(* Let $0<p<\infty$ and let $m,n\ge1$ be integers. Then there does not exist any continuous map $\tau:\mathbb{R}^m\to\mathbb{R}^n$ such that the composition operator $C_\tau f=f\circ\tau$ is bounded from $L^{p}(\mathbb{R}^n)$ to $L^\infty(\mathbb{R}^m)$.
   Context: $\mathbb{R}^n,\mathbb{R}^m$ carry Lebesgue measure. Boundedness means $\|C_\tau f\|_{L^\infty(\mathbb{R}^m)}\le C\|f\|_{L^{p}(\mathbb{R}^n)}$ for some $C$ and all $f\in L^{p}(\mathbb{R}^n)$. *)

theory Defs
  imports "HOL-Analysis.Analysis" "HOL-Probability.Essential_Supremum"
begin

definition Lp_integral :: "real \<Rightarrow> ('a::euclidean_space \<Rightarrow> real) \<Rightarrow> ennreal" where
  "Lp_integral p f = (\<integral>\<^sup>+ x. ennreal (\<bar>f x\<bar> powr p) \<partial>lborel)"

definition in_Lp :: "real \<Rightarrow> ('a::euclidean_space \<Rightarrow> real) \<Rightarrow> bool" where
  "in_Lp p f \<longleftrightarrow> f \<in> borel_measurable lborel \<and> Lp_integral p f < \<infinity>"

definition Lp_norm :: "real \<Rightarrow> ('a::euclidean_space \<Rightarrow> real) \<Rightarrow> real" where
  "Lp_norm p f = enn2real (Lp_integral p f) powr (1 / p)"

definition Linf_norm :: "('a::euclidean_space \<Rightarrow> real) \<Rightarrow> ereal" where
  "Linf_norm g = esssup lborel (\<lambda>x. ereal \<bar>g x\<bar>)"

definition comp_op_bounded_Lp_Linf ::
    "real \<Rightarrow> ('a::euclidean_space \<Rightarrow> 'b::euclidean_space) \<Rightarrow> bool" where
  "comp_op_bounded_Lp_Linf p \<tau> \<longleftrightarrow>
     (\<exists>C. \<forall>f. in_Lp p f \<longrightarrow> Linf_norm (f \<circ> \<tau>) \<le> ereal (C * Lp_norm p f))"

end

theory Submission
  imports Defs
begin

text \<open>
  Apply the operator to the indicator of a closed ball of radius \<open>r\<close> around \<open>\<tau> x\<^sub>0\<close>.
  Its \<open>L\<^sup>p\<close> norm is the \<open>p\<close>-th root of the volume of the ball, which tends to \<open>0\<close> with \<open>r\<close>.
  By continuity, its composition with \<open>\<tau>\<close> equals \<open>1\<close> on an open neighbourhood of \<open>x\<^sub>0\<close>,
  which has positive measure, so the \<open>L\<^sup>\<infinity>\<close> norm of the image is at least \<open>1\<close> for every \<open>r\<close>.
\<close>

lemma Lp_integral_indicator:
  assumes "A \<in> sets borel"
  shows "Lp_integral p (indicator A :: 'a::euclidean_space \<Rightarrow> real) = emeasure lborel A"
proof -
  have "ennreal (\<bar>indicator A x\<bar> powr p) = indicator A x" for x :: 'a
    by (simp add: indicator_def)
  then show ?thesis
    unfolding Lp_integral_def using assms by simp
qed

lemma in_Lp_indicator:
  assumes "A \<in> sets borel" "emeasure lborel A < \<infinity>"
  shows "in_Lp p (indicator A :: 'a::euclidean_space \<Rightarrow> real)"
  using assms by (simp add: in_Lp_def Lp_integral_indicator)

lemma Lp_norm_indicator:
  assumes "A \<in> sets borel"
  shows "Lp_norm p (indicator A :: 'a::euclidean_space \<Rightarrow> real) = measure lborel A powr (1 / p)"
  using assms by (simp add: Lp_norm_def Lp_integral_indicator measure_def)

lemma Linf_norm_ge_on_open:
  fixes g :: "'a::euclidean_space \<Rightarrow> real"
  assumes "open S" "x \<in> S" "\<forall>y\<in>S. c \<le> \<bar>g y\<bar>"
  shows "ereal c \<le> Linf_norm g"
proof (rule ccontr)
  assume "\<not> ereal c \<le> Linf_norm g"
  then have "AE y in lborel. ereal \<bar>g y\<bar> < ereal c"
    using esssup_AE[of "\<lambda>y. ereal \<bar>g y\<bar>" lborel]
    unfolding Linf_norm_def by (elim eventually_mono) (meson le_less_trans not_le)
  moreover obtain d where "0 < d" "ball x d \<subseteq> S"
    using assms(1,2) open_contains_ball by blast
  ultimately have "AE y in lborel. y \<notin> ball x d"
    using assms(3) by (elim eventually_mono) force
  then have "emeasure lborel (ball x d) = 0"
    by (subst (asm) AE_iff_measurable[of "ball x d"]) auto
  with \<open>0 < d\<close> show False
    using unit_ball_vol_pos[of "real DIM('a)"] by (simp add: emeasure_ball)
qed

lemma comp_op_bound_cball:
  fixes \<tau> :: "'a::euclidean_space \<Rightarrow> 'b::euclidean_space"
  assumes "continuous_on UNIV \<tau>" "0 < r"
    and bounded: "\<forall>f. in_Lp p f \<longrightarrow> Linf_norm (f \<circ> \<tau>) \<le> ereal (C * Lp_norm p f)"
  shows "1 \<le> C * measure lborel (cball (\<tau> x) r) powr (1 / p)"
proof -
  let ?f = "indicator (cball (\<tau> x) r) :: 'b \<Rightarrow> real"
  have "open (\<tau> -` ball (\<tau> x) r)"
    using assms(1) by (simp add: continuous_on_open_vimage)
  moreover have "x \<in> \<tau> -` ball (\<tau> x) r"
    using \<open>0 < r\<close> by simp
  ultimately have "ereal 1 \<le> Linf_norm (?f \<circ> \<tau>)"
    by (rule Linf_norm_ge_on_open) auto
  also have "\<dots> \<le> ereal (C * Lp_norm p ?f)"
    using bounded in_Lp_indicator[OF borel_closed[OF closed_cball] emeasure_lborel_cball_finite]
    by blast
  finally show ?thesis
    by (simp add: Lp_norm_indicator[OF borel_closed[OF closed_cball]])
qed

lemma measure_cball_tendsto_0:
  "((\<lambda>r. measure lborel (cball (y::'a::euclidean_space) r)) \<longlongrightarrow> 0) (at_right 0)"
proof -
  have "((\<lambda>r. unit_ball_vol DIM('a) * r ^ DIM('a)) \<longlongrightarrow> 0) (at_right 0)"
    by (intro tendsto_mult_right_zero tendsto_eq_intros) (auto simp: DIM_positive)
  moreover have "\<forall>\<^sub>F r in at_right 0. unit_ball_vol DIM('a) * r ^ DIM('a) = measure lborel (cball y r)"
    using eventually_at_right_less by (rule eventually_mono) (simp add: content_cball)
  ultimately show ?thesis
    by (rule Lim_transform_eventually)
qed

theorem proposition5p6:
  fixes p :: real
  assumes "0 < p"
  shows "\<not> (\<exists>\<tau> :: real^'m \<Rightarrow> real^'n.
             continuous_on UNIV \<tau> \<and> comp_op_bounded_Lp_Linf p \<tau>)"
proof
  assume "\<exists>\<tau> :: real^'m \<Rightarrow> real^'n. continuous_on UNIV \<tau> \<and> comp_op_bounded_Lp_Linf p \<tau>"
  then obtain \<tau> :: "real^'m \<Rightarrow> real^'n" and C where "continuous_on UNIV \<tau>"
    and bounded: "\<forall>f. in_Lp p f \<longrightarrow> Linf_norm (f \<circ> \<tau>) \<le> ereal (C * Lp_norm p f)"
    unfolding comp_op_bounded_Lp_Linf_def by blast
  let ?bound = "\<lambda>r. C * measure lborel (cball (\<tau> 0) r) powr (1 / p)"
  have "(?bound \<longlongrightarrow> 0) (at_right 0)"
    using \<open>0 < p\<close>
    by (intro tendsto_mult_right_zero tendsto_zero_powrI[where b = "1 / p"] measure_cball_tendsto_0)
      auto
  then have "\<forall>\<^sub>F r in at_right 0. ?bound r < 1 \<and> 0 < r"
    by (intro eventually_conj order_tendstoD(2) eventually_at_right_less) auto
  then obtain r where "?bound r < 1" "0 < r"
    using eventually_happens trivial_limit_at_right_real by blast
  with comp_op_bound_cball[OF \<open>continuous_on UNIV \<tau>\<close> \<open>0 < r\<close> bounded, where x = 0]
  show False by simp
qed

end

^^^^^^^^

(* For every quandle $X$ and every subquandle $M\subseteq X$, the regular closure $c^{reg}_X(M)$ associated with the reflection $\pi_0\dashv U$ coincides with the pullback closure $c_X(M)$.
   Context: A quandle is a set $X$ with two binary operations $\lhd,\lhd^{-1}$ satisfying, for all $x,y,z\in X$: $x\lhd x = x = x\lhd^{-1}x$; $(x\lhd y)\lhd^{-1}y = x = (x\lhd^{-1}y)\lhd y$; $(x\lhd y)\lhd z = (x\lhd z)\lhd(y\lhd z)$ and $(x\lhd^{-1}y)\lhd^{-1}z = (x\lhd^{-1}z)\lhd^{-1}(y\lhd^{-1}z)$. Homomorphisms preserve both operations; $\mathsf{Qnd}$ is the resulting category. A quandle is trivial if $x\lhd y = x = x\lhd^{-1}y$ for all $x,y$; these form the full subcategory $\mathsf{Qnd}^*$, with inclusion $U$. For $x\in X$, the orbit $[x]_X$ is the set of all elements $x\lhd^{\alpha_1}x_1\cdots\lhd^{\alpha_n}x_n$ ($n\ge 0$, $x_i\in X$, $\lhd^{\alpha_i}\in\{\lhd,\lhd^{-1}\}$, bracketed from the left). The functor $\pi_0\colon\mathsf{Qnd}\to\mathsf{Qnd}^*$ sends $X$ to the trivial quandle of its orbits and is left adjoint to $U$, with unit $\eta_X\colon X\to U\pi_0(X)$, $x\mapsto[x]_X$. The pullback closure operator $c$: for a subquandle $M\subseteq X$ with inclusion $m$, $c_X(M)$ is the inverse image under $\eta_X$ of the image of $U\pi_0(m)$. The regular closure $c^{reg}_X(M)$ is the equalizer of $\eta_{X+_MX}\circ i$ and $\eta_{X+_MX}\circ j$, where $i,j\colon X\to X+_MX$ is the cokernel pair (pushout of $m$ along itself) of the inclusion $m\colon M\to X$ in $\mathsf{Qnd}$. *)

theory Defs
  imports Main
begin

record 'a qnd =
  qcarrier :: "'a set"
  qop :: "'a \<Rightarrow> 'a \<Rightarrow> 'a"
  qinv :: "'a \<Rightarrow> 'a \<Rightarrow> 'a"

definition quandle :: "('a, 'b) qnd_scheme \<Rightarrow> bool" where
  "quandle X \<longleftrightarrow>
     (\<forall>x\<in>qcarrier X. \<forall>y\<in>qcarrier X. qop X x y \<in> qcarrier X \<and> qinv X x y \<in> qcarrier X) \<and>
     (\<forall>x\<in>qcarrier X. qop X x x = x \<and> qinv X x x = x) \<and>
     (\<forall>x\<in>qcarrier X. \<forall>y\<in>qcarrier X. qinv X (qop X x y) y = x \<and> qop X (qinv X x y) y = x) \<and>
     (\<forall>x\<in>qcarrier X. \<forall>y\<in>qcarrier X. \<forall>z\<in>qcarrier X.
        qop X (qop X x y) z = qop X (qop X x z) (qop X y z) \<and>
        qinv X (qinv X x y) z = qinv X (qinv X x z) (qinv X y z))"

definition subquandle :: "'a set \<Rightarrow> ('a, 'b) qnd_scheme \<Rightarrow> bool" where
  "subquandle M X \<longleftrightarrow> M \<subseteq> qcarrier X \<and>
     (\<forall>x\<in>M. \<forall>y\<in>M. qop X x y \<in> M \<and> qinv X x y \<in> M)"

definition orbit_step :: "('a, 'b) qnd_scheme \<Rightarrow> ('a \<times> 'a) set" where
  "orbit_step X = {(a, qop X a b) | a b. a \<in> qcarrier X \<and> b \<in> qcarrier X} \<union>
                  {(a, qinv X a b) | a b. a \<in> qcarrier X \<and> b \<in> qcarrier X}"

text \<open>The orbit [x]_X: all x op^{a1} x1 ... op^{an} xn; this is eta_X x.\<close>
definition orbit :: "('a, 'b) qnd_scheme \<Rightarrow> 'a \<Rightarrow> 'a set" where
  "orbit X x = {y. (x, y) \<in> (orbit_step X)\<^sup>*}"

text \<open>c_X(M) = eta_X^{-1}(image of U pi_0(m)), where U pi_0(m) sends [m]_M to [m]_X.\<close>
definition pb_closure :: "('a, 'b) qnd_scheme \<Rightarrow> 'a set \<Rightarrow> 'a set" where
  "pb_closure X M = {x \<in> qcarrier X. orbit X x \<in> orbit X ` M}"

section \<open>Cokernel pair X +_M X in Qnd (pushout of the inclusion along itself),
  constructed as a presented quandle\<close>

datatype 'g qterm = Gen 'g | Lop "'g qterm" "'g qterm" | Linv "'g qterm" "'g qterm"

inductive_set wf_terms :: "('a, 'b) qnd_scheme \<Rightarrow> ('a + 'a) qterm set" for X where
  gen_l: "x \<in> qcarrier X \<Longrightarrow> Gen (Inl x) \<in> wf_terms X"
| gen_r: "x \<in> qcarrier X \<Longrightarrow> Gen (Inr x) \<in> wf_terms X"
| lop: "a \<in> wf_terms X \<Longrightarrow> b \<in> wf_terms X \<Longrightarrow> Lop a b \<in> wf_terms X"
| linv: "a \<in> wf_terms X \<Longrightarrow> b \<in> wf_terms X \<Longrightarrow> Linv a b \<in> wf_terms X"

^^^^^^^^

**EXERCISE PROMPT**.
The lines above, starting at the one with "(* Let $0<p<\infty$" and ending at the one with "Apply the operator", are the only ones to return, exactly as written.

**ANSWER**.
(* Let $0<p<\infty$ and let $m,n\ge1$ be integers. Then there does not exist any continuous map $\tau:\mathbb{R}^m\to\mathbb{R}^n$ such that the composition operator $C_\tau f=f\circ\tau$ is bounded from $L^{p}(\mathbb{R}^n)$ to $L^\infty(\mathbb{R}^m)$.
   Context: $\mathbb{R}^n,\mathbb{R}^m$ carry Lebesgue measure. Boundedness means $\|C_\tau f\|_{L^\infty(\mathbb{R}^m)}\le C\|f\|_{L^{p}(\mathbb{R}^n)}$ for some $C$ and all $f\in L^{p}(\mathbb{R}^n)$. *)

theory Defs
  imports "HOL-Analysis.Analysis" "HOL-Probability.Essential_Supremum"
begin

definition Lp_integral :: "real \<Rightarrow> ('a::euclidean_space \<Rightarrow> real) \<Rightarrow> ennreal" where
  "Lp_integral p f = (\<integral>\<^sup>+ x. ennreal (\<bar>f x\<bar> powr p) \<partial>lborel)"

definition in_Lp :: "real \<Rightarrow> ('a::euclidean_space \<Rightarrow> real) \<Rightarrow> bool" where
  "in_Lp p f \<longleftrightarrow> f \<in> borel_measurable lborel \<and> Lp_integral p f < \<infinity>"

definition Lp_norm :: "real \<Rightarrow> ('a::euclidean_space \<Rightarrow> real) \<Rightarrow> real" where
  "Lp_norm p f = enn2real (Lp_integral p f) powr (1 / p)"

definition Linf_norm :: "('a::euclidean_space \<Rightarrow> real) \<Rightarrow> ereal" where
  "Linf_norm g = esssup lborel (\<lambda>x. ereal \<bar>g x\<bar>)"

definition comp_op_bounded_Lp_Linf ::
    "real \<Rightarrow> ('a::euclidean_space \<Rightarrow> 'b::euclidean_space) \<Rightarrow> bool" where
  "comp_op_bounded_Lp_Linf p \<tau> \<longleftrightarrow>
     (\<exists>C. \<forall>f. in_Lp p f \<longrightarrow> Linf_norm (f \<circ> \<tau>) \<le> ereal (C * Lp_norm p f))"

end

theory Submission
  imports Defs
begin

text \<open>
  Apply the operator to the indicator of a closed ball of radius \<open>r\<close> around \<open>\<tau> x\<^sub>0\<close>.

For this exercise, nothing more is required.